- _INFORMATION PROVIDED_:

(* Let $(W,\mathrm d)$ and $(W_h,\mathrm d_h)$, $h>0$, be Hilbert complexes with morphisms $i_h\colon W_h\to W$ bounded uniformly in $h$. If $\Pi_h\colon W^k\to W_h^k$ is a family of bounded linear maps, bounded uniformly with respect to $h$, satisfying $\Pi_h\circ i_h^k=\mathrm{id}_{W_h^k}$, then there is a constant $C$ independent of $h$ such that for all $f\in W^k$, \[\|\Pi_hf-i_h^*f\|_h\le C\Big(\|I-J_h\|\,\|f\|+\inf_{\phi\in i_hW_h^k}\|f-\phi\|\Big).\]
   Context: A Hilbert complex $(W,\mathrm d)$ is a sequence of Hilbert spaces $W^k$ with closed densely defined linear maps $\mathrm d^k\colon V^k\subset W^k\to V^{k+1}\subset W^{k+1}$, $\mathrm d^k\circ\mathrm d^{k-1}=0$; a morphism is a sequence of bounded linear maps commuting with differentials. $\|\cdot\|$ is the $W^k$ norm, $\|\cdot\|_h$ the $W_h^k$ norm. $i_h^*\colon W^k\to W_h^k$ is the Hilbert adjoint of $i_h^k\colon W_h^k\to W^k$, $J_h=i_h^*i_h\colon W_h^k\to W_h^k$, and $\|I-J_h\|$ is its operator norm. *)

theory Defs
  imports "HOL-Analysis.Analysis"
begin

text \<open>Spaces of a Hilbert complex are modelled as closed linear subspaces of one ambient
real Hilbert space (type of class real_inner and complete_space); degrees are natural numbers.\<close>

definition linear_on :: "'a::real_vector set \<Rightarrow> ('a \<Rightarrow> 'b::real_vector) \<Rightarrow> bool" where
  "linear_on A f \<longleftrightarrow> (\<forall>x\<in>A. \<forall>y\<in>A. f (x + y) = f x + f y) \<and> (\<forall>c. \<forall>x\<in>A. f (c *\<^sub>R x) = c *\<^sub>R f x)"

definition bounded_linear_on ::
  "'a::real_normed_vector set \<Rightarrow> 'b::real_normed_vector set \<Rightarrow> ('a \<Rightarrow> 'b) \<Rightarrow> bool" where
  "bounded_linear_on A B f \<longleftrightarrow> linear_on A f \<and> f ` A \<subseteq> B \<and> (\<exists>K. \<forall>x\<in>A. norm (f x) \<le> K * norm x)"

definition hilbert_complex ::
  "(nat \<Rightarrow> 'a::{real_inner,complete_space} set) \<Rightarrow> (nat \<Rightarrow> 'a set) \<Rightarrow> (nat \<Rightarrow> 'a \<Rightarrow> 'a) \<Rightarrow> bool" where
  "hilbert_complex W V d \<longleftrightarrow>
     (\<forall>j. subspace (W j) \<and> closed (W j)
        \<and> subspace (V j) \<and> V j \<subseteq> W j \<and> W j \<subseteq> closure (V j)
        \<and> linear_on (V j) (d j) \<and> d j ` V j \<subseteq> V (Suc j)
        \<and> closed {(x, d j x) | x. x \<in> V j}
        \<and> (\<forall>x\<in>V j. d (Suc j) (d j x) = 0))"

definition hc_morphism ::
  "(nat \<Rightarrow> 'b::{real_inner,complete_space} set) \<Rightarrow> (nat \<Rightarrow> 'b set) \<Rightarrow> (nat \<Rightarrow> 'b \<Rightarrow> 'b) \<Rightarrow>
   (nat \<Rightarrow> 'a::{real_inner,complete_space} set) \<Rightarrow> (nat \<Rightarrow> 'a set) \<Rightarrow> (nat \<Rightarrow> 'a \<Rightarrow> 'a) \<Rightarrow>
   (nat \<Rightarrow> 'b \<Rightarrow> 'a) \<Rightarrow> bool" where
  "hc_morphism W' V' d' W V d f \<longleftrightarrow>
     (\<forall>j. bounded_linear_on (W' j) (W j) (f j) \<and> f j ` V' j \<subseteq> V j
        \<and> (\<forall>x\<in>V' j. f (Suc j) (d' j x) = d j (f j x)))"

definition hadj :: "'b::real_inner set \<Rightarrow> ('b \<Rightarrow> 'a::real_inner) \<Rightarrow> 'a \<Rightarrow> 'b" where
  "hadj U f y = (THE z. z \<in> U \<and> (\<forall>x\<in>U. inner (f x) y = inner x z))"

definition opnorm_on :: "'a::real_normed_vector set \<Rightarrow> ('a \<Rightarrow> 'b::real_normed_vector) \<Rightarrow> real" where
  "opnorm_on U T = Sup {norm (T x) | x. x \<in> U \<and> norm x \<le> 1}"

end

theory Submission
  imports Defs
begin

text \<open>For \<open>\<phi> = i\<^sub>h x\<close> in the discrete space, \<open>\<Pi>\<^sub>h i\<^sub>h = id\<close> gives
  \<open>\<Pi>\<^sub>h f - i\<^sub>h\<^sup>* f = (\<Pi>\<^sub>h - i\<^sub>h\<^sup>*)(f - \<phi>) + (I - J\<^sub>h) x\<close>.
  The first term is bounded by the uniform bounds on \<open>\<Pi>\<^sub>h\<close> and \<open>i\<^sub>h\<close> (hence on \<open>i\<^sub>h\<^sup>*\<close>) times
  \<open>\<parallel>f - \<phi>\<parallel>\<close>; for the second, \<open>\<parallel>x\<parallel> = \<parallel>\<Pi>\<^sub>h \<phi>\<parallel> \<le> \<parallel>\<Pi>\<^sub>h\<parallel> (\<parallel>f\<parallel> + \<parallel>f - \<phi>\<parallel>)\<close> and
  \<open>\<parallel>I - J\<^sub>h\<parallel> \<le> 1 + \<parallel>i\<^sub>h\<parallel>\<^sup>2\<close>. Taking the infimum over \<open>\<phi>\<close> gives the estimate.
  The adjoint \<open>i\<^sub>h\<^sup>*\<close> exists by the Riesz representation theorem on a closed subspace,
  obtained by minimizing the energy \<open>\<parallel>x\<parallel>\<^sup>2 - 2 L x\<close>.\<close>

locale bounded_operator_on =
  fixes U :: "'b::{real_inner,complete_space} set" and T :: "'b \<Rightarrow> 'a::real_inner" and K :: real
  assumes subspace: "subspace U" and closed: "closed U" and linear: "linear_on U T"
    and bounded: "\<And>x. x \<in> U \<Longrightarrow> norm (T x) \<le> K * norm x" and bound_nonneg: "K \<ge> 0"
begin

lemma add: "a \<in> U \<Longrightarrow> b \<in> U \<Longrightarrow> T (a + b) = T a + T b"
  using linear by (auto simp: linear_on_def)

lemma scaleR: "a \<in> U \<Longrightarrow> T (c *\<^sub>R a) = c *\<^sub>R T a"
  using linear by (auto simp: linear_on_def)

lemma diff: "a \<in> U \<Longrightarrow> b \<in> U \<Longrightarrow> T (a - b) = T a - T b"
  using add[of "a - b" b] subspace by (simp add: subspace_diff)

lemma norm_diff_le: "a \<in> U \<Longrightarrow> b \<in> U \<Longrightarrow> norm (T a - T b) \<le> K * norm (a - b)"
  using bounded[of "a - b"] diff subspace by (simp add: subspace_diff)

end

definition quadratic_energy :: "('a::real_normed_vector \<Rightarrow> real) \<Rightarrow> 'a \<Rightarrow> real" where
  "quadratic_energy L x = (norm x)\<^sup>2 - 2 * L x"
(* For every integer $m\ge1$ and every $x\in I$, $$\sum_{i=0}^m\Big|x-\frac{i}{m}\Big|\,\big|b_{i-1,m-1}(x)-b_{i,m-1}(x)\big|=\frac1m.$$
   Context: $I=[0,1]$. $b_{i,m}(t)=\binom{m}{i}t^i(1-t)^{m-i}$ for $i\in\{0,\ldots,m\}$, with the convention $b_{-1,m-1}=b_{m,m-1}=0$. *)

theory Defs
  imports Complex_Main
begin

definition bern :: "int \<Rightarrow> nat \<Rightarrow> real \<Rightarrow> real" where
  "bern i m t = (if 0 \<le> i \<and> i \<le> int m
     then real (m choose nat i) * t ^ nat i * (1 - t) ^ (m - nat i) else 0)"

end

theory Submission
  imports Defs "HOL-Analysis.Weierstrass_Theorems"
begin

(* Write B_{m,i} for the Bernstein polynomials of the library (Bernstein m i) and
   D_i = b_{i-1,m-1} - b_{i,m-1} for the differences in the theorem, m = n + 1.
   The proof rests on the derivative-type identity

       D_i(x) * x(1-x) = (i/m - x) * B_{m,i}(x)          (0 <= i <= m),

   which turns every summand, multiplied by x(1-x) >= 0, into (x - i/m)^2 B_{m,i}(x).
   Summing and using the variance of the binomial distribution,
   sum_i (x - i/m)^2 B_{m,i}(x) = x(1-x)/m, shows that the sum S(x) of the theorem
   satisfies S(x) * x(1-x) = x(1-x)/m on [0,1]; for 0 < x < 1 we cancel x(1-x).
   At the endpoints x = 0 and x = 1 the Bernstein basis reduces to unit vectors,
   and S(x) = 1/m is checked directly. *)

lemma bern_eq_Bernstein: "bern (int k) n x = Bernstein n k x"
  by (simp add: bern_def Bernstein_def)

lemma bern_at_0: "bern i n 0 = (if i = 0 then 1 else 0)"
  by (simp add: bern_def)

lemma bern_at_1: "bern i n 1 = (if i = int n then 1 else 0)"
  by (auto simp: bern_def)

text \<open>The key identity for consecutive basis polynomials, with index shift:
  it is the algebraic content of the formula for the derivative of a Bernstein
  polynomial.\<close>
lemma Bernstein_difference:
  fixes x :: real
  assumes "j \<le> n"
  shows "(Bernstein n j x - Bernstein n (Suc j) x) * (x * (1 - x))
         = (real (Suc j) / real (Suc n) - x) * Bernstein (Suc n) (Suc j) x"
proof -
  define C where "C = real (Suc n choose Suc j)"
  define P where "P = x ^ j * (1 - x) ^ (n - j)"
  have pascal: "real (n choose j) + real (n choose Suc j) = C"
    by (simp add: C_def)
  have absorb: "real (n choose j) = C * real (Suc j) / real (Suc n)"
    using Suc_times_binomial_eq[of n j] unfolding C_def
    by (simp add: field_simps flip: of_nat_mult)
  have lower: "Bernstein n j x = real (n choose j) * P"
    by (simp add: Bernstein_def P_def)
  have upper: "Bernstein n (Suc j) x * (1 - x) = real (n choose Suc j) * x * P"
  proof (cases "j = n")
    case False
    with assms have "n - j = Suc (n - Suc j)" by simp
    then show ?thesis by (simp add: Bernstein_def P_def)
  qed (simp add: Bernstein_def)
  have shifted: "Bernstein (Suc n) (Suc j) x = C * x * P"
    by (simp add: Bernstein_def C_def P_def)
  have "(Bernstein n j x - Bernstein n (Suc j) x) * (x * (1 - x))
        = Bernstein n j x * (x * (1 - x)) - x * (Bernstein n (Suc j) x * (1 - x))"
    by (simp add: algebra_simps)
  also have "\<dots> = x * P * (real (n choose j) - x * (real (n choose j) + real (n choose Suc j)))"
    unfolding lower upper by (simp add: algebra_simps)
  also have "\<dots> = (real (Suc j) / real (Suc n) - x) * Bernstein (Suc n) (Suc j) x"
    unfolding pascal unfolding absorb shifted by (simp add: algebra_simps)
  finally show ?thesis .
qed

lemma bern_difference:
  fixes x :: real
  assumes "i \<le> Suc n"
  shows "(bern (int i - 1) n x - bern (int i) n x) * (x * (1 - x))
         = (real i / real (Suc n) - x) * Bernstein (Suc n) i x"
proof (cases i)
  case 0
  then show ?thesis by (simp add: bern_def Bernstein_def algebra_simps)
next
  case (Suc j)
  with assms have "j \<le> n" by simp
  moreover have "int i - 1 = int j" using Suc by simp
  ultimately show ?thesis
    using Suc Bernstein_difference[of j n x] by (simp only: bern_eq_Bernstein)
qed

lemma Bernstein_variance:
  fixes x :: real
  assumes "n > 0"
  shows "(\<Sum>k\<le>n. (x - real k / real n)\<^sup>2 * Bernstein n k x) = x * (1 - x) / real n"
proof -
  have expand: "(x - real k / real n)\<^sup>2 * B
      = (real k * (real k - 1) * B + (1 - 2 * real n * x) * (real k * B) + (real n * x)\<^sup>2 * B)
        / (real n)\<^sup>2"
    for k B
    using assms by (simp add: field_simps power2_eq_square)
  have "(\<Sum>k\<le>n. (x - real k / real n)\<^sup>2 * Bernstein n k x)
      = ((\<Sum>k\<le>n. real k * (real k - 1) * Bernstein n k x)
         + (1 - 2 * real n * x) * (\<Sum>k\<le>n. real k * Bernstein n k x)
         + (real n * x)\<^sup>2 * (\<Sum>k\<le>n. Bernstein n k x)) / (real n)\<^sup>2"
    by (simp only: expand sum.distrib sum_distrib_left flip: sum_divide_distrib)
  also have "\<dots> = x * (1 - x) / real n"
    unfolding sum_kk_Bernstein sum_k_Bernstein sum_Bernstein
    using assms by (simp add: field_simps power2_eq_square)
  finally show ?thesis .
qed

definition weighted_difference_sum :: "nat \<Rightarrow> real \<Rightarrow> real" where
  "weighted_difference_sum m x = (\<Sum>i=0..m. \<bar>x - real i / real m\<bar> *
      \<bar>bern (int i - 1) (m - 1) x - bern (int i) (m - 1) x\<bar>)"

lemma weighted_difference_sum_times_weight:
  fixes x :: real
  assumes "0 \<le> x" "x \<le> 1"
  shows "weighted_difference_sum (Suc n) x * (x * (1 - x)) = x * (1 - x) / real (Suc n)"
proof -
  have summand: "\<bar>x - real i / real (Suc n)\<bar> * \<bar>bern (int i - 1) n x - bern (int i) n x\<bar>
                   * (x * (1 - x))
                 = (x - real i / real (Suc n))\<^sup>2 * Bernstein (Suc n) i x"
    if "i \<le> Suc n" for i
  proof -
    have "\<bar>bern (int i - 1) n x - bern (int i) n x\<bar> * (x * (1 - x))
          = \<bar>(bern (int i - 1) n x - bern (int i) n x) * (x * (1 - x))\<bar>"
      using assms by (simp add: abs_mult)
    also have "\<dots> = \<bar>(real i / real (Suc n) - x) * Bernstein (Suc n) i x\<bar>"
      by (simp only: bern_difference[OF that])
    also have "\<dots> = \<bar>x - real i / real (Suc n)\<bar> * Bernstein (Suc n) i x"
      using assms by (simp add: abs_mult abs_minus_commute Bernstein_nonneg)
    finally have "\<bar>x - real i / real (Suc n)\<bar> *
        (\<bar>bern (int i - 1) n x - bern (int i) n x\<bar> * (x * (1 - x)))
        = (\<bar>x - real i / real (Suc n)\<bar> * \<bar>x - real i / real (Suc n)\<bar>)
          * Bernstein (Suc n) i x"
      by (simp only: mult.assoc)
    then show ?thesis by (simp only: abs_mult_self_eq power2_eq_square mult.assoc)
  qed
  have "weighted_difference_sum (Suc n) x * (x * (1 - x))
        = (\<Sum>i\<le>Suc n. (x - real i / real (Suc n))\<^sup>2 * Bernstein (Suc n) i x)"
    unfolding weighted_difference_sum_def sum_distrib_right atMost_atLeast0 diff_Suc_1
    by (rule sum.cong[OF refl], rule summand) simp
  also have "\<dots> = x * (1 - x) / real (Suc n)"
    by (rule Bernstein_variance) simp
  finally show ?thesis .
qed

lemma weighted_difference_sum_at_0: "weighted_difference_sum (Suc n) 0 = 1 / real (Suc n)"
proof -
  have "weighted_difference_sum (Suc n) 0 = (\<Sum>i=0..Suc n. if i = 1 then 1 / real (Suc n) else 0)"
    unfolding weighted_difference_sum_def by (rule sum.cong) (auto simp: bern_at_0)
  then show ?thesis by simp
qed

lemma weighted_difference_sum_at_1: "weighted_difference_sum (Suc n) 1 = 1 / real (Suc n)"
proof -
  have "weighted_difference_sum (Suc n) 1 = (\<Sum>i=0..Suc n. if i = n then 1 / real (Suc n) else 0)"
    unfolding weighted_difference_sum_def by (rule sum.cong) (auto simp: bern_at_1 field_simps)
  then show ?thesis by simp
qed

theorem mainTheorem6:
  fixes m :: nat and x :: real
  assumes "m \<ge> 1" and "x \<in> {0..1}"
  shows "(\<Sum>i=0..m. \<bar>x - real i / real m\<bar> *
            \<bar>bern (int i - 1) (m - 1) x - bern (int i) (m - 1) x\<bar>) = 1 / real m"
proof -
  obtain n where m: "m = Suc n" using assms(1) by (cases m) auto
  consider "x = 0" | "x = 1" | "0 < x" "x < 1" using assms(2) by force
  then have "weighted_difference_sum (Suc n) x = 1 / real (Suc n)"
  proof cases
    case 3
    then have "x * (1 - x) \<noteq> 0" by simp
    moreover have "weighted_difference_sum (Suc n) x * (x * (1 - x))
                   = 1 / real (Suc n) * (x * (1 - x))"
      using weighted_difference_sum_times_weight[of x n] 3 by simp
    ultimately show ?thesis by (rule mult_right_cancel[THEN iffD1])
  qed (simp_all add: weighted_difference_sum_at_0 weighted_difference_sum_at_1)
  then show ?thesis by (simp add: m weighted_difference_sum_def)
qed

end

- _TASK ITEM_: Copy out, exactly and alone, the lines of the entries above between the ones holding "U \<and> norm" and "gives the estimate.", inclusive.

- _REPLY TO THE EXERCISE_:
  "opnorm_on U T = Sup {norm (T x) | x. x \<in> U \<and> norm x \<le> 1}"

end

theory Submission
  imports Defs
begin

text \<open>For \<open>\<phi> = i\<^sub>h x\<close> in the discrete space, \<open>\<Pi>\<^sub>h i\<^sub>h = id\<close> gives
  \<open>\<Pi>\<^sub>h f - i\<^sub>h\<^sup>* f = (\<Pi>\<^sub>h - i\<^sub>h\<^sup>*)(f - \<phi>) + (I - J\<^sub>h) x\<close>.
  The first term is bounded by the uniform bounds on \<open>\<Pi>\<^sub>h\<close> and \<open>i\<^sub>h\<close> (hence on \<open>i\<^sub>h\<^sup>*\<close>) times
  \<open>\<parallel>f - \<phi>\<parallel>\<close>; for the second, \<open>\<parallel>x\<parallel> = \<parallel>\<Pi>\<^sub>h \<phi>\<parallel> \<le> \<parallel>\<Pi>\<^sub>h\<parallel> (\<parallel>f\<parallel> + \<parallel>f - \<phi>\<parallel>)\<close> and
  \<open>\<parallel>I - J\<^sub>h\<parallel> \<le> 1 + \<parallel>i\<^sub>h\<parallel>\<^sup>2\<close>. Taking the infimum over \<open>\<phi>\<close> gives the estimate.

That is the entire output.